In your Slack app configuration, go to Slash Command
, and create a new /clippy
command.
export SLACK_BOT_TOKEN=xoxb-xxxxxxx
export SLACK_APP_TOKEN=xapp-xxxxxxx
export OPENAI_API_KEY=xxxxxxx
pip3 install -r requirements.txt
python3 step1-bot.py
In Slack, a Clippy App has appeared. Send the following message in its private channel: /clippy hello world
.
In this step, you will connect your Slack command to a Langchain chain, that generates SQL queries, and send them to a database.
Use OpenAI LLM to format the result of the SQL query. The models gpt-3.5-turbo
(4k tokens) and gpt-3.5-turbo-16k
(16k tokens) are a good start.
Documentation:
- https://python.langchain.com/docs/modules/chains/popular/sqlite
- https://python.langchain.com/docs/modules/agents/toolkits/sql_database
Advanced:
- If you run this tutorial against your data warehouse, don't forget to create a read-only user. OpenAI is able to generate
DROP TABLE
queries. 😁 😘 - Limit the tables visible by your AI
- Create a custom SQL view to select the data you wish to expose
- Customize your prompt: https://github.com/hwchase17/langchain/blob/master/langchain/chains/sql_database/prompt.py
- Format your Slack response and write the SQL query in a note.
Example 1:
/clippy how many movies in 2000 ?
Final answer here: There are 53,013 movies in the year 2000.
Example 2:
/clippy count movies per year between 2010 and 2015
Final answer here: The number of movies produced per year, in descending order, are as follows:
- 2012: 164,307 movies
- 2011: 160,017 movies
- 2010: 141,703 movies
- 2013: 63,827 movies
- 2014: 3,077 movies
Example 3:
/clippy Movie titles containing "star wars". 1 movie per line.
Finished chain. Star Wars: Episode IV Star Wars VII Star Wars vs Star Trek Drunk Star Wars Star Wars Original Trilogy
Now, let's build a simple question-answering bot based on the IPCC AR6 reports. The PDFs are provided in this repository. You should start with the Summary for Policymakers (SPM), then when your chain is ready, generate embeddings with the full reports!
We will use IPCC reports hosted in this repository. Cloning the repository requires git LFS:
brew install git-lfs
git lfs install
In this step, the Slack app you built above is optional. You can use step2-stdin.py
instead.
In your Langchain chain, you will need:
- a pdf loader (many loaders are available)
- a text splitter to tokenize files
- an embedding model to convert tokens into vectors (OpenAI or "sentence transformers" hosted on HuggingFace)

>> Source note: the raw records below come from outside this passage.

definition dXbar :: "(nat \<Rightarrow> real) \<Rightarrow> (nat \<Rightarrow> 'x::metric_space) \<Rightarrow> (nat \<Rightarrow> 'x) \<Rightarrow> real" where
  "dXbar w x1 x2 = (\<Sum>n. w n * dist (x1 n) (x2 n))"

definition Fsys :: "('x \<Rightarrow> 'u \<Rightarrow> 'x) \<Rightarrow> (nat \<Rightarrow> 'x) \<Rightarrow> (nat \<Rightarrow> 'u) \<Rightarrow> (nat \<Rightarrow> 'x)" where
  "Fsys f x u = (\<lambda>n. f (x (Suc n)) (u n))"

definition ESP :: "('x \<Rightarrow> 'u \<Rightarrow> 'x) \<Rightarrow> bool" where
  "ESP f \<longleftrightarrow> (\<forall>u. \<exists>!x. x = Fsys f x u)"

end

theory Submission
  imports Defs
begin

text \<open>
  (i) By the echo state property the graph of \<open>U\<^sub>f\<close> is the closed set \<open>{(u, x). F(x, u) = x}\<close>;
  as the product space \<open>\<X>\<^sup>\<nat>\<close> is compact, \<open>U\<^sub>f\<close> is continuous for the product topology.
  Since \<open>\<X>\<close> is bounded, the series defining the weighted metric is dominated by a multiple of
  \<open>w\<close>, so by Tannery's theorem coordinatewise convergence implies convergence in \<open>Xbar\<close>.

  (ii) Since \<open>w\<^sub>t \<le> |w| w\<^sub>t\<^sub>-\<^sub>1\<close>, each map \<open>F(-, u)\<close> is a contraction of the complete
  weighted space \<open>Xbar\<close> with factor at most \<open>c |w| < 1\<close>. Banach's theorem gives the unique
  fixed point \<open>U\<^sub>f(u)\<close>, and \<open>d(U\<^sub>f(u'), U\<^sub>f(u)) \<le> d(F(U\<^sub>f(u), u'), F(U\<^sub>f(u), u)) / (1 - c |w|)\<close>
  transfers the continuity of \<open>F\<close> in \<open>u\<close> to \<open>U\<^sub>f\<close>.
\<close>

lemma continuous_on_of_closed_graph:
  fixes g :: "'a::topological_space \<Rightarrow> 'b::topological_space"
  assumes compact: "compact (UNIV :: 'b set)" and graph: "closed (range (\<lambda>a. (a, g a)))"
  shows "continuous_on UNIV g"
  unfolding continuous_on_closed_vimage[OF closed_UNIV]
proof (intro allI impI)
  fix B :: "'b set"
  assume "closed B"
  have "closed_map (prod_topology euclidean (euclidean :: 'b topology)) (euclidean :: 'a topology) fst"
    using compact by (intro closed_map_fst) (simp add: compact_space_def)
  then have "closed (fst ` (range (\<lambda>a. (a, g a)) \<inter> UNIV \<times> B))"
    using graph \<open>closed B\<close> by (simp add: closed_map_def closed_Int closed_Times)
  moreover have "g -` B \<inter> UNIV = fst ` (range (\<lambda>a. (a, g a)) \<inter> UNIV \<times> B)"
    by force
  ultimately show "closed (g -` B \<inter> UNIV)"
    by simp
qed

lemma compact_UNIV_fun:
  assumes "compact (UNIV :: 'a::topological_space set)"
  shows "compact (UNIV :: ('i \<Rightarrow> 'a) set)"
proof -
  have "compact_space (euclidean :: 'a topology)"
    using assms by (simp add: compact_space_def)
  then have "compact_space (product_topology (\<lambda>_. euclidean :: 'a topology) (UNIV :: 'i set))"
    unfolding compact_space_product_topology by blast
  then have "compact_space (euclidean :: ('i \<Rightarrow> 'a) topology)"
    unfolding euclidean_product_topology .
  then show ?thesis
    by (simp add: compact_space_def)
qed

lemma tendsto_zero_inf_principal_iff:
  fixes g :: "'a::topological_space \<Rightarrow> real"
  assumes nonneg: "\<And>v. v \<in> U \<Longrightarrow> 0 \<le> g v"
  shows "(g \<longlongrightarrow> 0) (inf (nhds u) (principal U)) \<longleftrightarrow>
    (\<forall>e>0. \<exists>N. open N \<and> u \<in> N \<and> (\<forall>v\<in>N \<inter> U. g v < e))"
proof -
  have "(\<forall>v\<in>N. v \<in> U \<longrightarrow> dist (g v) 0 < e) \<longleftrightarrow> (\<forall>v\<in>N \<inter> U. g v < e)" for N e
    using nonneg by auto
  then show ?thesis
    unfolding tendsto_iff eventually_inf_principal eventually_nhds by simp
qed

- an (in-memory?) vector database
- a retriever to query the vector database
- a question-answering model that will format the output
A few questions to ask:
- "What drives emissions from human activities?"
- "Comment ont évolué les émissions depuis 2010?"
- "List climate models"
- "What are the main vulnerabilities?"
Documentation:
- https://python.langchain.com/docs/use_cases/question_answering/
- https://python.langchain.com/docs/modules/chains/popular/chat_vector_db
- https://python.langchain.com/docs/modules/data_connection/document_loaders/how_to/pdf
Merge both steps 1 and 2 into a single prompt in your Slack bot. Your Langchain script should handle the right route, based on the user question.